Les ponctions budgétaires sont "hyper concentrées sur les villes", avec un effort demandé aux agglomérations plus de deux fois plus élevé qu'en 2025, dénoncent les réprésentants des grandes villes et des bassins industriels.

( AFP / ALAIN JOCARD )
Les services publics locaux et les investissements dans les villes françaises sont menacés par un projet de budget 2026 qui ravive les clivages territoriaux au détriment des territoires urbains et des bassins industriels, alertent les représentants des grandes villes réunis au Creusot (Saône-et-Loire), à cinq mois des municipales.
"Ce budget est totalement insupportable et totalement injuste pour les villes, les agglomérations et les métropoles" , dénonce Jean-François Debat (PS), président de Grand Bourg Agglomération. En cause, des ponctions budgétaires "hyper concentrées sur les villes" qui compromettent selon lui les services publics locaux et les investissements dans la transition écologique.

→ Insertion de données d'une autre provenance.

lemma Pinf_mvec_bias_cesaro_mean: "mvec (Pinf M) (bias_cesaro_mean M r N) s = 0"
  unfolding bias_cesaro_mean_def mvec_divide mvec_sum Pinf_mvec_bias_partial_sum by simp

lemma bias_cesaro_mean_poisson:
  assumes "N > 0"
  shows "bias_cesaro_mean M r N s + mvec (cesaro_mean M N) r s = r s + mvec M (bias_cesaro_mean M r N) s"
proof -
  let ?S = "\<lambda>T. bias_partial_sum M r T s"
  have "(\<Sum>T<N. ?S (Suc T)) = (\<Sum>T<N. ?S T) + ?S N"
    using sum.lessThan_Suc_shift[of ?S N] by (simp add: bias_partial_sum_def)
  moreover have "(\<Sum>T<N. ?S (Suc T))
      = real N * (r s - mvec (Pinf M) r s) + (\<Sum>T<N. mvec M (bias_partial_sum M r T) s)"
    unfolding bias_partial_sum_Suc by (simp add: sum.distrib)
  moreover have "?S N / real N = mvec (cesaro_mean M N) r s - mvec (Pinf M) r s"
    unfolding bias_partial_sum_def mvec_cesaro_mean using assms
    by (simp add: sum_subtractf diff_divide_distrib)
  moreover have "mvec M (bias_cesaro_mean M r N) s = (\<Sum>T<N. mvec M (bias_partial_sum M r T) s) / real N"
    unfolding bias_cesaro_mean_def mvec_divide mvec_sum ..
  ultimately show ?thesis using assms unfolding bias_cesaro_mean_def by (simp add: field_simps)
qed

lemma bias_cesaro_mean_tendsto:
  "(\<lambda>N. bias_cesaro_mean M r N s) \<longlonglongrightarrow> cesaro_lim (\<lambda>T. bias_partial_sum M r T s)"
proof -
  have "\<exists>y. \<forall>s. (\<lambda>N. bias_cesaro_mean M r N s) \<longlonglongrightarrow> y s"
  proof (rule fundamental_matrix_inverse_tendsto)
    fix j
    have "(\<lambda>N. r j - mvec (cesaro_mean M N) r j) \<longlonglongrightarrow> r j - mvec (Pinf M) r j"
      by (intro tendsto_intros cesaro_mean_mvec_tendsto_Pinf)
    moreover have "\<forall>\<^sub>F N in sequentially. r j - mvec (cesaro_mean M N) r j
        = bias_cesaro_mean M r N j - mvec M (bias_cesaro_mean M r N) j
          + mvec (Pinf M) (bias_cesaro_mean M r N) j"
      using bias_cesaro_mean_poisson Pinf_mvec_bias_cesaro_mean
      by (intro eventually_sequentiallyI[of 1]) (simp add: algebra_simps)
    ultimately show "(\<lambda>N. bias_cesaro_mean M r N j - mvec M (bias_cesaro_mean M r N) j
        + mvec (Pinf M) (bias_cesaro_mean M r N) j) \<longlonglongrightarrow> r j - mvec (Pinf M) r j"
      by (rule Lim_transform_eventually)
  qed
  then obtain y where y: "\<And>s. (\<lambda>N. bias_cesaro_mean M r N s) \<longlonglongrightarrow> y s" by blast
  moreover have "cesaro_lim (\<lambda>T. bias_partial_sum M r T s) = lim (\<lambda>N. bias_cesaro_mean M r N s)"
    unfolding cesaro_lim_def bias_cesaro_mean_def ..
  ultimately show ?thesis using limI[OF y] by simp
qed

lemma poisson_equation:
  fixes r :: "'s \<Rightarrow> real"
  defines "h \<equiv> \<lambda>s. cesaro_lim (\<lambda>T. bias_partial_sum M r T s)"
  shows "mvec (Pinf M) r s + h s = r s + mvec M h s"
proof -
  have "(\<lambda>N. bias_cesaro_mean M r N s + mvec (cesaro_mean M N) r s) \<longlonglongrightarrow> h s + mvec (Pinf M) r s"
    unfolding h_def by (intro tendsto_intros bias_cesaro_mean_tendsto cesaro_mean_mvec_tendsto_Pinf)
  moreover have "(\<lambda>N. r s + mvec M (bias_cesaro_mean M r N) s) \<longlonglongrightarrow> r s + mvec M h s"
    unfolding mvec_def h_def by (intro tendsto_intros bias_cesaro_mean_tendsto)
  ultimately have "h s + mvec (Pinf M) r s = r s + mvec M h s"
    using bias_cesaro_mean_poisson by (rule LIMSEQ_unique_Suc)
  then show ?thesis by simp
qed

end

section \<open>Variance bounds\<close>

lemma power_diff_le:
  fixes a b :: real
  assumes "0 \<le> b" "b \<le> a"
  shows "a ^ m - b ^ m \<le> real m * a ^ (m - 1) * (a - b)"
proof (induction m)
  case (Suc m)
  have "a ^ Suc m - b ^ Suc m = a * (a ^ m - b ^ m) + b ^ m * (a - b)" by (simp add: algebra_simps)
  also have "\<dots> \<le> a * (real m * a ^ (m - 1) * (a - b)) + a ^ m * (a - b)"
    using Suc assms by (intro add_mono mult_left_mono mult_right_mono power_mono) simp_all
  also have "a * (real m * a ^ (m - 1) * (a - b)) = real m * a ^ m * (a - b)"
    by (cases m) (simp_all add: algebra_simps)
  finally show ?case by (simp add: algebra_simps)
qed simp

lemma power_diff_le_of_diff_le_1:
  fixes a b H :: real
  assumes "0 \<le> a" "a \<le> H" "0 \<le> b" "a - b \<le> 1"
  shows "a ^ m - b ^ m \<le> real m * H ^ (m - 1)"
proof (cases "a \<le> b")
  case True
  then have "a ^ m \<le> b ^ m" using assms by (intro power_mono) simp_all
  moreover have "0 \<le> real m * H ^ (m - 1)" using assms by simp
  ultimately show ?thesis by linarith
next
  case False
  then have "a ^ m - b ^ m \<le> real m * a ^ (m - 1) * (a - b)" using assms by (intro power_diff_le) simp_all
  also have "\<dots> \<le> real m * H ^ (m - 1) * 1"
    using assms False by (intro mult_mono power_mono) simp_all
  finally show ?thesis by simp
qed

Outre le volume de l'effort demandé, plus de deux fois plus élevé qu'en 2025, l'élu de l'Ain cite des mesures "vexatoires" comme la création d'un "fonds d'investissement pour les territoires", qui, en regroupant trois dotations, supprime au passage celle qui concernait les villes, la dotation de soutien à l'investissement local.
"Le gouvernement rajoute une bagarre entre urbains et ruraux", tranche l'élu en critiquant une vision "quasi populiste qui consiste à dire qu'un gros budget veut forcément dire 'richesse' et un petit 'pauvreté', alors que les grandes villes concentrent les populations les plus défavorisées".
L'association France urbaine, qui rassemble les grandes villes et intercommunalités, pointait déjà un "déséquilibre marqué" en 2025 entre le niveau d'effort demandé à l'ensemble des communes, environ 1,1% de leurs recettes de fonctionnement, et celui demandé aux grands établissements intercommunaux (communautés d'agglomération, communautés urbaines et métropoles), qui atteint 3,9%. "Les établissements publics de coopération intercommunale (EPCI) ne sont pas des collectivités donc c'est 'open bar' pour les tondre", souligne Franck Claeys, délégué adjoint de l'association.
Autre point de friction, le dispositif de mise en réserve obligatoire des recettes fiscales ("dilico"), augmenté d'un à deux milliards d'euros en 2026, dont 1,2 milliard pour le bloc communal (communes et intercommunalités). "Les mêmes indicateurs s'appliquent pour une commune de 100 habitants et pour une ville de 100.000 habitants alors que les réalités financières sont très différentes", remarque M. Claeys.
La réindustrialisation menacée ?
Les territoires industriels s'estiment aussi particulièrement lésés, avec une amputation "d'1,3 milliard d'euros" liée à la baisse de compensations par l'État d'allègements d'impôts acquittés par les entreprises industrielles, alors que ces dernières peuvent générer des coûts supplémentaires en termes de pollutions.
"On ne peut pas vouloir que la France redevienne un grand pays industriel et ne pas donner de moyens aux collectivités qui portent le développement économique", explique à l' AFP David Marti, maire PS du Creusot, pour qui "le gouvernement se tire une balle dans le pied".
L'accélération de la suppression de la cotisation sur la valeur ajoutée des entreprises fait également grincer des dents. "L'État s'était engagé la main sur le cœur à compenser cette suppression mais il ne tient plus ses promesses. Tout cela est un véritable scandale", fustige Benoît Arrivé, maire de Cherbourg-en-Cotentin. Il s'interroge sur le financement des crèches, écoles et gymnases nécessaires à l'accueil de 15.000 nouveaux emplois liés à l'industrie nucléaire et aux énergies décarbonées.
Le signal envoyé par le gouvernement apparaît par ailleurs contradictoire avec l'objectif de réindustrialisation du pays, priorité présidentielle depuis la crise sanitaire. "D'un côté on appuie sur l'accélérateur et de l'autre sur la pédale de frein, ce qui fait qu'au mieux on tourne en rond, et au pire on finit dans le fossé", observe Franck Claeys, rappelant que les territoires industriels sont "assez souvent des territoires où les problèmes sociaux sont exacerbés".
"On va vers une indifférenciation des territoires , sans intéressement à l'activité économique", déplore Paul Simondon, adjoint aux finances à Paris, comparant le mécanisme du "dilico" à un "train fou qui ne s'arrêtera jamais".
À Rennes Métropole, les élus pointent un manque de visibilité financière. "On est très dépendant du vote annuel national, alors même qu'on mène des politiques publiques qui se déploient sur le long terme", juge Marie Ducamin, chargée des finances.
Le gouvernement envisage de mettre à contribution les collectivités à hauteur de 4,7 milliards d'euros pour 2026. Un chiffre contesté par les élus locaux pour qui la ponction serait supérieure à huit milliards.